The functions assume a speed of sound of 340 m/sec.

16 bit interface

  • uint16_t ping2cm(uint16_t in)
  • uint16_t ping2mm(uint16_t in)

32 bit interface

  • uint32_t ping2cm32(uint32_t in) for lengths > 10 meter
  • uint32_t ping2mm32(uint32_t in) for lengths > 10 meter Performance wise the 32 bit versions have a gain ~10%.

Imperial

  • uint16_t ping2inch(uint16_t in)
  • uint16_t ping2quarter(uint16_t in)
  • uint16_t ping2sixteenths(uint16_t in)

Indicative performance Arduino UNO.

function us factor notes
us / 29 (ref) 38.3 1.0 sos == 345 m/s (integer only)
us * 0.0345 18.5 2.0 sos == 345 m/s
ping2cm 3.08 12.4 sos == 340 m/s
ping2mm 5.66 6.7 sos == 340 m/s
ping2inch 4.34 8.8 not precise as inches are rather large units
ping2quarter 7.55 5.0 in between
ping2sixteenths 8.55 4.4 way more accurate than inches

temperature corrected

Instead of taking a fixed value a temperature corrected speed of sound will be 0-5% more accurate. Of course this depends on the temperature.

The temperature is in whole degrees C or F.

  • float ping2cm_tempC(uint16_t duration, int Celsius)
    • duration in us, temperature in Celsius.
    • this function is relative slow, a faster version is not tested.
  • float ping2inch_tempC(uint16_t duration, int Celsius)
  • float ping2inch_tempF(uint16_t duration, int Fahrenheit)

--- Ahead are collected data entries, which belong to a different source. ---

lemma weighted_diff_near:
  assumes "0 < x" "x < y" "y \<le> h" "y \<le> 2 * x"
  shows "\<bar>y powr e * g y - x powr e * g x\<bar> \<le> weight_const A e * G * (y - x) powr \<delta>"
proof -
  define d where "d = y - x"
  have d: "0 < d" "d \<le> x"
    using assms by (auto simp: d_def)
  have "\<bar>y powr e * (g y - g x)\<bar> \<le> y powr e * (G * d powr \<beta>)"
    using has_holder_constD[OF g_holder, of x y] assms by (simp add: abs_mult d_def mult_left_mono)
  also have "\<dots> = G * (y powr e * d powr \<beta>)"
    by (simp add: mult_ac)
  also have "\<dots> \<le> G * (Z * Z * d powr \<delta>)"
    using near_first_factor[OF d assms(2,3)] G by (rule mult_left_mono)
  finally have first: "\<bar>y powr e * (g y - g x)\<bar> \<le> Z * Z * G * d powr \<delta>"
    by (simp add: mult_ac)
  have "\<bar>(y powr e - x powr e) * g x\<bar> \<le> (\<bar>e\<bar> * T * x powr (e - 1) * d) * (G * x powr \<beta>)"
    unfolding abs_mult using abs_powr_diff_le[OF assms(1,2,4), of e]
      has_holder_constD[OF g_holder, of 0 x] g0 assms
    by (intro mult_mono) (auto simp: d_def)
  also have "\<dots> = \<bar>e\<bar> * T * G * (x powr (e - 1 + \<beta>) * d)"
    by (simp add: powr_add mult_ac)
  also have "\<dots> \<le> \<bar>e\<bar> * T * G * (Z * Z * d powr \<delta>)"
    using near_second_factor[OF d] assms G by (intro mult_left_mono) auto
  finally have second: "\<bar>(y powr e - x powr e) * g x\<bar> \<le> \<bar>e\<bar> * T * (Z * Z) * G * d powr \<delta>"
    by (simp add: mult_ac)
  have "y powr e * g y - x powr e * g x = y powr e * (g y - g x) + (y powr e - x powr e) * g x"
    by (simp add: algebra_simps)
  then have "\<bar>y powr e * g y - x powr e * g x\<bar> \<le> (Z * Z + \<bar>e\<bar> * T * (Z * Z)) * G * d powr \<delta>"
    using first second abs_triangle_ineq[of "y powr e * (g y - g x)" "(y powr e - x powr e) * g x"]
    by (simp add: algebra_simps)
  also have "\<dots> \<le> weight_const A e * G * d powr \<delta>"
    using weight_const_bounds(3) G by (intro mult_right_mono) auto
  finally show ?thesis
    by (simp add: d_def)
qed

Indicative performance Arduino UNO.

function us factor notes
normal division 38.3 1.0 not Temperature corrected
ping2cm_tempC 17.2 2.2
ping2inch_tempC 16.6 2.3
ping2inch_tempF 16.4 2.3

polynome

Routine to evaluate a polynome and be able to change its weights runtime. E.g y = 3x^2 + 5x + 7 ==> ar[3] = { 7, 5, 3 }; degree = 2;

  • double polynome(double x, double ar[], uint8_t degree)
    • degree >= 1, ar[0] exists, and could be 0.

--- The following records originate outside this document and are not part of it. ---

(* The invariant functions $p_1,\dots,p_5$ are algebraically independent over $\mathbb C$ and $\mathbb C(\mathscr X_2)^G=\mathbb C(p_1,\dots,p_5)$.
   Context: Identify $V_1=V_2=\mathbb C^2$ with Pauli matrices $\sigma_1=\begin{pmatrix}0&1\\1&0\end{pmatrix}$, $\sigma_2=\begin{pmatrix}0&-i\\i&0\end{pmatrix}$, $\sigma_3=\begin{pmatrix}1&0\\0&-1\end{pmatrix}$. Trace-one endomorphisms of $\mathbb C^2\otimes\mathbb C^2$ are written uniquely as $\tfrac14\big(I\otimes I+\sum_a v_a\sigma_a\otimes I+\sum_b w_bI\otimes\sigma_b+\sum_{a,b}C_{ba}\sigma_a\otimes\sigma_b\big)$, giving coordinates $(v,w,C)\in\mathbb C^3\times\mathbb C^3\times M_3(\mathbb C)$ on the space $\mathscr L_2$; $G=\mathrm{SO}_3(\mathbb C)^2$ acts by $(g_1,g_2)\cdot(v,w,C)=(g_1v,g_2w,g_2Cg_1^{-1})$. $\langle x,y\rangle=\sum_a x_ay_a$ on $\mathbb C^3$. Let $X_0$ be the subspace with $v_1=v_2=w_1=w_2=0$ and $C_{ba}=0$ whenever exactly one of $a,b$ equals $3$; $\mathscr X_2$ is the Zariski closure of $G\cdot X_0$ (equivalently of the set of two-qubit X-states), with reduced structure. The functions $p_i$ are the restrictions to $\mathscr X_2$ of $p_1=\langle v,v\rangle$, $p_2=\langle w,w\rangle$, $p_3=\langle Cv,w\rangle$, $p_4=\operatorname{tr}(C^tC)$, $p_5=\det C$. *)

theory Defs
  imports "HOL-Analysis.Analysis"
begin

inductive polyfn :: "('a \<Rightarrow> complex) set \<Rightarrow> ('a \<Rightarrow> complex) \<Rightarrow> bool"
  for Cs :: "('a \<Rightarrow> complex) set" where
  const: "polyfn Cs (\<lambda>x. c)"
| coord: "f \<in> Cs \<Longrightarrow> polyfn Cs f"
| add: "polyfn Cs f \<Longrightarrow> polyfn Cs g \<Longrightarrow> polyfn Cs (\<lambda>x. f x + g x)"
| mult: "polyfn Cs f \<Longrightarrow> polyfn Cs g \<Longrightarrow> polyfn Cs (\<lambda>x. f x * g x)"

text \<open>The space L_2 with coordinates (v, w, C); C $ b $ a is the entry C_{ba}.\<close>
type_synonym L2 = "(complex^3) \<times> (complex^3) \<times> (complex^3^3)"

definition L2_coords :: "(L2 \<Rightarrow> complex) set" where
  "L2_coords = {(\<lambda>x::L2. fst x $ i) | i. True} \<union> {(\<lambda>x::L2. fst (snd x) $ i) | i. True}
     \<union> {(\<lambda>x::L2. snd (snd x) $ b $ a) | a b. True}"

definition L2_poly :: "(L2 \<Rightarrow> complex) \<Rightarrow> bool" where
  "L2_poly f = polyfn L2_coords f"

This function is useful for evaluating a polynome many times and be able to adjust the weights. This can be used for finding the optimal weights to fit a curve for a polynome of degree N. See example.

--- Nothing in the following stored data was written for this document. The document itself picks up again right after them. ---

(* Let $f\in\mathbf{SB}_n$ be nonconstant. Then $\deg(f)\ge 2^{\lceil\log_2\mathcal{AI}(f)\rceil}=2^{\lfloor\log_2(2\mathcal{AI}(f)-1)\rfloor}$.
   Context: $\mathbf{SB}_n$ is the set of symmetric Boolean functions on $n$ variables; $\deg$ is the algebraic degree. The algebraic immunity is $\mathcal{AI}(f)=\min\{\deg(g): g\neq0,\ gf=0 \text{ or } g(f+1)=0\}$. *)

theory Defs
  imports Complex_Main
begin

text \<open>A Boolean function on n variables is modelled as a predicate on subsets of
  the index set {..<n}: an input vector x in F_2^n is identified with its support
  (the set of coordinates equal to 1). Only the values on subsets of {..<n} matter.\<close>

type_synonym bfun = "nat set \<Rightarrow> bool"

text \<open>Evaluation of an algebraic normal form with coefficient predicate c
  (c S means the monomial prod_{i in S} x_i occurs) at input x, over GF(2).\<close>
definition anf_eval :: "nat \<Rightarrow> (nat set \<Rightarrow> bool) \<Rightarrow> nat set \<Rightarrow> bool" where
  "anf_eval n c x = odd (card {S. S \<subseteq> {..<n} \<and> c S \<and> S \<subseteq> x})"

definition deg_le :: "nat \<Rightarrow> bfun \<Rightarrow> nat \<Rightarrow> bool" where
  "deg_le n f d \<longleftrightarrow> (\<exists>c. (\<forall>S. S \<subseteq> {..<n} \<and> c S \<longrightarrow> card S \<le> d) \<and>
                        (\<forall>x. x \<subseteq> {..<n} \<longrightarrow> f x = anf_eval n c x))"

definition bdeg :: "nat \<Rightarrow> bfun \<Rightarrow> nat" where
  "bdeg n f = (LEAST d. deg_le n f d)"

definition nonzero_bf :: "nat \<Rightarrow> bfun \<Rightarrow> bool" where
  "nonzero_bf n g \<longleftrightarrow> (\<exists>x. x \<subseteq> {..<n} \<and> g x)"

definition prod_zero :: "nat \<Rightarrow> bfun \<Rightarrow> bfun \<Rightarrow> bool" where
  "prod_zero n g h \<longleftrightarrow> (\<forall>x. x \<subseteq> {..<n} \<longrightarrow> \<not> (g x \<and> h x))"

definition AI :: "nat \<Rightarrow> bfun \<Rightarrow> nat" where
  "AI n f = (LEAST d. \<exists>g. nonzero_bf n g \<and> bdeg n g = d \<and>
                          (prod_zero n g f \<or> prod_zero n g (\<lambda>x. \<not> f x)))"

definition symmetric_bf :: "nat \<Rightarrow> bfun \<Rightarrow> bool" where
  "symmetric_bf n f \<longleftrightarrow> (\<forall>x y. x \<subseteq> {..<n} \<and> y \<subseteq> {..<n} \<and> card x = card y \<longrightarrow> f x = f y)"

definition nonconstant_bf :: "nat \<Rightarrow> bfun \<Rightarrow> bool" where
  "nonconstant_bf n f \<longleftrightarrow> (\<exists>x y. x \<subseteq> {..<n} \<and> y \<subseteq> {..<n} \<and> f x \<noteq> f y)"

end

theory Submission imports Defs begin

(* Let f be symmetric and nonconstant with algebraic degree D, and
   choose t with 2^t \<le> D < 2^(t+1); put h = 2^t.  The ANF of a function of degree
   below the dimension of a subcube has no top monomial on it, so the function takes
   the value True an even number of times on every subcube of dimension > deg.
   Write F(w) for the value of f on inputs of weight w.  For a symmetric function on
   a subcube of dimension 2^(t+1) this count is, modulo 2,
   F(a) + F(a + 2^(t+1)) (Lucas: all inner binomials C(2^(t+1), j) are even), so the
   weight profile F of f is 2h-periodic.  Conversely (Moebius inversion) a symmetric
   function whose profile is h-periodic or h-antiperiodic has degree \<le> h.  From the
   2h-periodic profile of f we build such a function that annihilates f or f + 1,
   whence AI(f) \<le> 2^t, i.e. 2^\<lceil>log2 AI(f)\<rceil> \<le> 2^t \<le> D. *)

section \<open>Subcubes of the Boolean cube\<close>

definition cube :: "nat set \<Rightarrow> nat set \<Rightarrow> nat set set" where
  "cube A B = {z. A \<subseteq> z \<and> z \<subseteq> B}"

lemma finite_cube: "finite B \<Longrightarrow> finite (cube A B)"
  unfolding cube_def by (rule finite_subset[of _ "Pow B"]) auto

lemma cube_image: "A \<subseteq> B \<Longrightarrow> cube A B = (\<lambda>y. A \<union> y) ` Pow (B - A)"
  unfolding cube_def
proof (intro set_eqI iffI)
  fix z assume "A \<subseteq> B" "z \<in> {z. A \<subseteq> z \<and> z \<subseteq> B}"
  hence "z = A \<union> (z - A)" "z - A \<in> Pow (B - A)" by auto
  thus "z \<in> (\<lambda>y. A \<union> y) ` Pow (B - A)" by blast
qed auto

lemma inj_on_union_Pow: "inj_on (\<lambda>y. A \<union> y) (Pow (B - A))"
  by (auto simp: inj_on_def)

lemma card_cube: "finite B \<Longrightarrow> A \<subseteq> B \<Longrightarrow> card (cube A B) = 2 ^ card (B - A)"
  by (simp add: cube_image card_image[OF inj_on_union_Pow] card_Pow)

lemma card_cube_split:
  assumes "finite B" "A \<subseteq> B" "i \<in> B" "i \<notin> A"
  shows "card {z\<in>cube A B. g z} = card {z\<in>cube A (B - {i}). g z} + card {z\<in>cube (insert i A) B. g z}"
proof -
  have "{z\<in>cube A B. g z} = {z\<in>cube A (B - {i}). g z} \<union> {z\<in>cube (insert i A) B. g z}"
    using assms by (auto simp: cube_def)
  moreover have "finite {z\<in>cube A (B - {i}). g z}" "finite {z\<in>cube (insert i A) B. g z}"
    using assms finite_cube by auto
  ultimately show ?thesis
    by (subst card_Un_disjoint[symmetric]) (auto simp: cube_def)
qed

Another application can be to implement a calibration / offset function that can be tuned (runtime).

Future

must

  • update documentation
    • links, research?

should

  • unit tests
    • or examples that test a lot.
  • examples
    • check output examples.
  • keep investigating faster versions.
  • divmod performance table other versions

could

  • split up in multiple .h files, one per group.
    • fast_math.h includes all individual .h files.
  • There are several divide functions to be included? div3(), div5(), div7(), div10() depends on application. These need more testing (range)
  • constants?
    • GOLDEN_RATIO 1.61803398875
  • check temperature corrected float?

TODO Functions

DIV

  • uint16_t divmod10() 16 bit overload version ?
  • uint32_t div10(x, *d) would be a bit faster than divmod10()
  • uint32_t mod10(x, *m) would be a bit faster too
  • div7() days - weeks.

BCD

  • uint16_t dec2bcd() + 32 bit + back?